Coding is the new literacy. To thrive, young Europeans must learn to design, create and express themselves with digital technologies. The Explorist project mentors local educators - especially in the Ruhrgebiet - to teach young Europeans from 8 to 16 to code their own stories, games and animations.
Bochum, Germany, Wuppertal, Germany
First, in January 2014 23.4 % of all Europeans between 15-24 years were unemployed. Most European industry sectors shrank during the last years, but the Digital Economy in Europe continued to grow at a fast pace. This sector will increasingly employ large numbers of digitally trained Europeans. Therefore, to acquire digital skills already at an early age will be a key asset for young people. Explorist is about Europe's 21st Century Literacy: learning to code is for everyone. 2nd, digital technologies are not only familiar to today's European youth, they are part of their daily lives and thus their identities. To learn how digital spaces function by learning the fundamentals of it will not only empower young people but also teach them a new language which transcends borders and differences.
We aim to promote learning among those young people in European populations - especially in the Ruhrgebiet - not served well by current educational practices. Our goal is to make computational fluency part of what all young people learn, not just a tech-savvy minority. We work towards a future where large numbers of underrepresented youth all over Europe participate actively in the Explorist community, and from there, continue to other opportunities and programs that extend their computational fluency. An example: the teacher of a 9th grade class at a Bochum school is being mentored by the Explorist Foundation to do a coding course - using Scratch - on a specific topic of her choosing. For example the pupils can visualize dinosaurs, or code a dance & music app, or a christmas calendar.

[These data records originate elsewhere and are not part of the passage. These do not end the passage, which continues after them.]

lemma set_pmf_ch2:
  assumes "Z \<in> set_pmf (ch2 Y)"
  shows "set Z = set Y" and "length Z = length Y"
proof -
  have "finite {\<sigma>. \<sigma> permutes {..<length Y}}" by (rule finite_permutations) simp
  moreover have "{\<sigma>. \<sigma> permutes {..<length Y}} \<noteq> {}" using permutes_id by blast
  ultimately obtain \<sigma> where \<sigma>: "\<sigma> permutes {..<length Y}" and Z: "Z = map (\<lambda>i. Y ! \<sigma> i) [0..<length Y]"
    using assms unfolding ch2_def by auto
  show "length Z = length Y" using Z by simp
  have "set Z = (\<lambda>i. Y ! i) ` (\<sigma> ` {..<length Y})" using Z by (auto simp: image_image atLeast0LessThan)
  also have "\<sigma> ` {..<length Y} = {..<length Y}" by (rule permutes_image[OF \<sigma>])
  finally show "set Z = set Y" by (auto simp: in_set_conv_nth)
qed

lemma length_set_pmf_outer_channel:
  "Z \<in> set_pmf (outer_channel pc pe ps l X) \<Longrightarrow> length Z = length X"
  by (auto simp: outer_channel_def length_set_pmf_ch1 set_pmf_ch2(2))

fun count_correct :: "bool list list \<Rightarrow> bool list option list \<Rightarrow> nat" where
  "count_correct (x # X) (y # Y) = (if y = Some x then 1 else 0) + count_correct X Y"
| "count_correct _ _ = 0"

definition rows_received :: "bool list list \<Rightarrow> bool list option list \<Rightarrow> nat" where
  "rows_received X Z = length (filter (\<lambda>r. Some r \<in> set Z) X)"

lemma count_correct_le_rows_received:
  "length Y = length X \<Longrightarrow> count_correct X Y \<le> rows_received X Y"
proof (induction Y X rule: list_induct2)
  case (Cons y Y x X)
  have "length (filter (\<lambda>r. Some r \<in> set Y) X) \<le> length (filter (\<lambda>r. Some r \<in> set (y # Y)) X)"
    by (induction X) auto
  then show ?case using Cons.IH by (auto simp: rows_received_def)
qed (simp add: rows_received_def)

Later this year, Explorist is piloting initial activities in schools and libraries in Wuppertal and Bochum, offering online and offline mentoring to help educators design their own interactive Explorist projects using Scratch code. It is our aim to expand to other cities nationwide in 2016, and in a final step to cities Europe-wide. Key element of our implementation strategy are local long-term partnerships: Explorist will closely collaborate with schools and libraries in NRW to create momentum. Finally, the Scratch code is an important building block of our mission: Scratch is a free programming language that makes it easy to create interactive art, stories, simulations, and games. It was designed at MIT in 2006. Today there are more than 8 million adopters. More on www.scratch.mit.edu
Funding requested from Advocate Europe
Our community of educators and students will be able to review, share and comment on other Explorist projects. We would love to receive advise from other Advocate Europe community members on how to design the best Explorist projects and on specific content for specific regions.